Gerda Alexander a créé l’Eutonie par une recherche constante, tout au long de sa vie. Elle insiste pour que l’Eutonie soit vivante, non dogmatique. Elle a trouvé ses principes peu à peu, aux prises avec la maladie qui la touche très jeune et qui la condamne au handicap. Elle reste combattive, refuse l’inexorable destin qu’on lui prédit et cherche en elle-même ce qui l’aide, lui permet de préserver sa mobilité, lui évite des douleurs.
Formée à la rythmique, au théâtre, elle se nourrit de spectacles de danse, d’opéra, elle se forge une observation très avertie du mouvement, des réalisations des acteurs, des musiciens. Elle vient très vite à soutenir leur projet artistique en leur proposant de travailler la manière d’habiter leur corps, de se fondre dans le rôle joué, de faire corps avec l’instrument de musique, l’outil.
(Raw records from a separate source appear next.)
theorem riemann_sum_tendsto_integral:
  fixes g :: "real^'d \<Rightarrow> real"
  assumes meas: "g \<in> borel_measurable lebesgue" and "bounded (range g)" "bounded {x. g x \<noteq> 0}"
    and cont: "AE x in lebesgue. isCont g x"
  shows "(\<lambda>n. (\<Sum>k\<in>lattice_support n g. g (lattice_pt n k)) / real n ^ CARD('d))
    \<longlonglongrightarrow> integral\<^sup>L lebesgue g"
proof (rule LIMSEQ_imp_Suc)
  obtain B R where B: "\<And>x. \<bar>g x\<bar> \<le> B" and R: "\<And>x. g x \<noteq> 0 \<Longrightarrow> norm x \<le> R"
    using assms(2,3) unfolding bounded_iff by auto
  define s where "s m x = g (lattice_pt (Suc m) (lattice_floor (Suc m) x))" for m x
  define c where "c = real CARD('d)"
  have support: "finite (lattice_support (Suc m) g)" for m
    using assms(3) by (rule finite_lattice_support) simp
  have near: "norm (x - lattice_pt (Suc m) (lattice_floor (Suc m) x)) \<le> c / real (Suc m)" for m and x :: "real^'d"
    unfolding c_def by (rule norm_diff_lattice_floor_le) simp
  have "(\<lambda>m. integral\<^sup>L lebesgue (s m)) \<longlonglongrightarrow> integral\<^sup>L lebesgue g"
  proof (rule integral_dominated_convergence[OF meas _ _ _ AE_I2])
    show "s m \<in> borel_measurable lebesgue" for m
      unfolding s_def by (rule lattice_step_integral(1)[OF support]) simp
    have "integrable lborel (indicator (cball (0::real^'d) (R + c)) :: _ \<Rightarrow> real)"
      using emeasure_lborel_cball_finite[of "0::real^'d" "R + c"] by simp
    then show "integrable lebesgue (\<lambda>x. B * indicator (cball (0::real^'d) (R + c)) x)"
      by (simp add: integrable_completion)
    show "norm (s m x) \<le> B * indicator (cball 0 (R + c)) x" for m x
    proof (cases "s m x = 0")
      case False
      then have "norm (lattice_pt (Suc m) (lattice_floor (Suc m) x)) \<le> R"
        using R by (simp add: s_def)
      moreover have "c / real (Suc m) \<le> c" by (simp add: c_def divide_le_eq)
      ultimately have "norm x \<le> R + c"
        using near[of x m] norm_triangle_sub[of x "lattice_pt (Suc m) (lattice_floor (Suc m) x)"]
        by linarith
      then show ?thesis using B by (simp add: s_def)
    qed (use B[of 0] in simp)
    show "AE x in lebesgue. (\<lambda>m. s m x) \<longlonglongrightarrow> g x"
      using cont unfolding s_def
      by eventually_elim (rule isCont_tendsto_compose[OF _ lattice_pt_floor_tendsto])
  qed
  then show "(\<lambda>m. (\<Sum>k\<in>lattice_support (Suc m) g. g (lattice_pt (Suc m) k)) / real (Suc m) ^ CARD('d))
      \<longlonglongrightarrow> integral\<^sup>L lebesgue g"
    using lattice_step_integral(2)[OF support] by (simp add: s_def[abs_def])
qed

lemma riemann_sum_tendsto_integral_pwC:
  fixes g :: "real^'d \<Rightarrow> real"
  assumes "g \<in> pwC"
  shows "(\<lambda>n. (\<Sum>k\<in>lattice_support n g. g (lattice_pt n k)) / real n ^ CARD('d))
    \<longlonglongrightarrow> integral\<^sup>L lebesgue g"
  using pwC_borel_measurable[OF assms] pwC_bounded_range[OF assms] pwC_bounded_support[OF assms]
    pwC_AE_isCont[OF assms]
  by (rule riemann_sum_tendsto_integral)

section \<open>Second moments of stationary fields\<close>

lemma sum_abs_reindex_le_infsum:
  fixes r :: "'i \<Rightarrow> real"
  assumes "finite K" "inj_on f K" "(\<lambda>m. \<bar>r m\<bar>) summable_on UNIV"
  shows "(\<Sum>k\<in>K. \<bar>r (f k)\<bar>) \<le> (\<Sum>\<^sub>\<infinity>m. \<bar>r m\<bar>)"
proof -
  have "(\<Sum>k\<in>K. \<bar>r (f k)\<bar>) = (\<Sum>\<^sub>\<infinity>m\<in>f ` K. \<bar>r m\<bar>)"
    using assms(1,2) by (simp add: sum.reindex)
  also have "\<dots> \<le> (\<Sum>\<^sub>\<infinity>m. \<bar>r m\<bar>)"
    using assms(1,3) by (intro infsum_mono_neutral) auto
  finally show ?thesis .
qed

text \<open>Schur's test for the Toeplitz matrix \<open>(r (k - j))\<^sub>j\<^sub>,\<^sub>k\<close>: each row and each column has
  absolute sum at most \<open>\<Sum>|r|\<close>.\<close>
lemma toeplitz_form_le:
  fixes r :: "'i::ab_group_add \<Rightarrow> real"
  assumes "finite K" "(\<lambda>m. \<bar>r m\<bar>) summable_on UNIV"
  shows "(\<Sum>j\<in>K. \<Sum>k\<in>K. v j * v k * r (k - j)) \<le> (\<Sum>\<^sub>\<infinity>m. \<bar>r m\<bar>) * (\<Sum>k\<in>K. (v k)\<^sup>2)"
proof -
  define C where "C = (\<Sum>\<^sub>\<infinity>m. \<bar>r m\<bar>)"
  have rows: "(\<Sum>k\<in>K. \<bar>r (k - j)\<bar>) \<le> C" for j
    unfolding C_def using assms by (intro sum_abs_reindex_le_infsum) (auto simp: inj_on_def)
  have columns: "(\<Sum>j\<in>K. \<bar>r (k - j)\<bar>) \<le> C" for k
    unfolding C_def using assms by (intro sum_abs_reindex_le_infsum) (auto simp: inj_on_def)
  have pointwise: "v j * v k * r (k - j) \<le> (v j)\<^sup>2 / 2 * \<bar>r (k - j)\<bar> + (v k)\<^sup>2 / 2 * \<bar>r (k - j)\<bar>" for j k
  proof -
    have "v j * v k \<le> (v j)\<^sup>2 / 2 + (v k)\<^sup>2 / 2" and "- (v j * v k) \<le> (v j)\<^sup>2 / 2 + (v k)\<^sup>2 / 2"
      using sum_squares_bound[of "v j" "v k"] sum_squares_bound[of "v j" "- v k"] by simp_all
    then have "\<bar>v j * v k\<bar> \<le> (v j)\<^sup>2 / 2 + (v k)\<^sup>2 / 2" by linarith
    then have "\<bar>v j * v k\<bar> * \<bar>r (k - j)\<bar> \<le> ((v j)\<^sup>2 / 2 + (v k)\<^sup>2 / 2) * \<bar>r (k - j)\<bar>"
      by (rule mult_right_mono) simp
    moreover have "v j * v k * r (k - j) \<le> \<bar>v j * v k\<bar> * \<bar>r (k - j)\<bar>"
      using abs_ge_self[of "v j * v k * r (k - j)"] by (simp add: abs_mult)
    ultimately show ?thesis by (simp add: distrib_right)
  qed
  have "(\<Sum>j\<in>K. \<Sum>k\<in>K. v j * v k * r (k - j))
      \<le> (\<Sum>j\<in>K. \<Sum>k\<in>K. (v j)\<^sup>2 / 2 * \<bar>r (k - j)\<bar> + (v k)\<^sup>2 / 2 * \<bar>r (k - j)\<bar>)"
    by (intro sum_mono pointwise)
  also have "\<dots> = (\<Sum>j\<in>K. \<Sum>k\<in>K. (v j)\<^sup>2 / 2 * \<bar>r (k - j)\<bar>)
      + (\<Sum>k\<in>K. \<Sum>j\<in>K. (v k)\<^sup>2 / 2 * \<bar>r (k - j)\<bar>)"
    unfolding sum.distrib using sum.swap[of "\<lambda>j k. (v k)\<^sup>2 / 2 * \<bar>r (k - j)\<bar>" K K] by simp
  also have "\<dots> = (\<Sum>j\<in>K. (v j)\<^sup>2 / 2 * (\<Sum>k\<in>K. \<bar>r (k - j)\<bar>))
      + (\<Sum>k\<in>K. (v k)\<^sup>2 / 2 * (\<Sum>j\<in>K. \<bar>r (k - j)\<bar>))"
    by (simp add: sum_distrib_left)
  also have "\<dots> \<le> (\<Sum>j\<in>K. (v j)\<^sup>2 / 2 * C) + (\<Sum>k\<in>K. (v k)\<^sup>2 / 2 * C)"
    using rows columns by (intro add_mono sum_mono mult_left_mono) auto
  also have "\<dots> = C * (\<Sum>k\<in>K. (v k)\<^sup>2)"
    by (simp add: sum_distrib_left sum_distrib_right field_simps)
  finally show ?thesis unfolding C_def .
qed

locale centered_stationary_field = prob_space M for M :: "'a measure" +
  fixes \<zeta> :: "'i::ab_group_add \<Rightarrow> 'a \<Rightarrow> real"
  assumes measurable_field [measurable]: "\<And>k. \<zeta> k \<in> borel_measurable M"
    and stationary: "stationary_field M \<zeta>"
    and square_integrable: "integrable M (\<lambda>\<omega>. (\<zeta> 0 \<omega>)\<^sup>2)"
    and mean_zero: "expectation (\<zeta> 0) = 0"
begin

lemma shift_invariant:
  fixes F :: "('i \<Rightarrow> real) \<Rightarrow> real"
  assumes "finite K" "F \<in> borel_measurable (PiM K (\<lambda>_. borel))"
  shows "integrable M (\<lambda>\<omega>. F (\<lambda>k\<in>K. \<zeta> (k + h) \<omega>)) \<longleftrightarrow> integrable M (\<lambda>\<omega>. F (\<lambda>k\<in>K. \<zeta> k \<omega>))"
    and "(\<integral>\<omega>. F (\<lambda>k\<in>K. \<zeta> (k + h) \<omega>) \<partial>M) = (\<integral>\<omega>. F (\<lambda>k\<in>K. \<zeta> k \<omega>) \<partial>M)"
proof -
  have shifted: "(\<lambda>\<omega>. \<lambda>k\<in>K. \<zeta> (k + h) \<omega>) \<in> measurable M (PiM K (\<lambda>_. borel))"
    and unshifted: "(\<lambda>\<omega>. \<lambda>k\<in>K. \<zeta> k \<omega>) \<in> measurable M (PiM K (\<lambda>_. borel))"
    by (intro measurable_restrict measurable_field)+
  have "distr M (PiM K (\<lambda>_. borel)) (\<lambda>\<omega>. \<lambda>k\<in>K. \<zeta> (k + h) \<omega>)
      = distr M (PiM K (\<lambda>_. borel)) (\<lambda>\<omega>. \<lambda>k\<in>K. \<zeta> k \<omega>)"
    using stationary assms(1) unfolding stationary_field_def by blast
  then show "integrable M (\<lambda>\<omega>. F (\<lambda>k\<in>K. \<zeta> (k + h) \<omega>)) \<longleftrightarrow> integrable M (\<lambda>\<omega>. F (\<lambda>k\<in>K. \<zeta> k \<omega>))"
    and "(\<integral>\<omega>. F (\<lambda>k\<in>K. \<zeta> (k + h) \<omega>) \<partial>M) = (\<integral>\<omega>. F (\<lambda>k\<in>K. \<zeta> k \<omega>) \<partial>M)"
    using integrable_distr_eq[OF shifted assms(2)] integrable_distr_eq[OF unshifted assms(2)]
      integral_distr[OF shifted assms(2)] integral_distr[OF unshifted assms(2)] by simp_all
qed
Ses interventions étant porteuses de progrès dans des expressions diverses, profondément marquée de son rapport à la création, à l’Art, elle approfondit la pratique, s’adresse à de nombreuses personnes, artistes, musiciens ou danseurs, ainsi qu’à des enfants, des personnes en souffrance, handicapées.
Elle s’intéresse aux disciplines de son époque, en espérant que ses découvertes soient confirmées par les progrès scientifiques, ceux des neurosciences, ce qui sera le cas pour l’intention du mouvement par ex. L’œuvre de Gerda Alexander est imprégnée de son contexte historique, de l’évolution de la société européenne du XXème siècle, de l’après-guerre, de la place accordée au corps dans l’éducation, dans la santé, etc. Elle est corollaire de mouvements importants, concernant la place de l’enfant, de celui qui reçoit un enseignement (pédagogies dites actives, Freinet, Dalcroze,…), rapport du maitre à l’élève, repris aussi par les courants philosophiques, existentialisme, phénoménologie, les mouvements socio-politiques de l’époque, déterminant des choix, des engagements. Puis, par rapport à ce que renseigne le corps, de l’identité, et de la place qui lui est dévolue, assignée, elle participe à cette remise en question : comment envisager le corps, le défendre, l’épanouir ? Elle participe avec ses contemporains à l’avènement des mouvements des années 60, libération de la femme, de la sexualité :
« Notre corps nous appartient »…
Ayant trouvé en elle-même ce qui la soutenait, lui convenait, elle n’a pas la prétention de faire appliquer un savoir mais elle propose à chacun une recherche, un moyen de mieux connaitre son corps, but non suffisant en lui-même mais au service des actes entrepris par la personne, dans ses projets quotidiens, artistiques, professionnels, dans des démarches de soins pour soi ou pour d’autres. Elle s’adresse ainsi à un large public.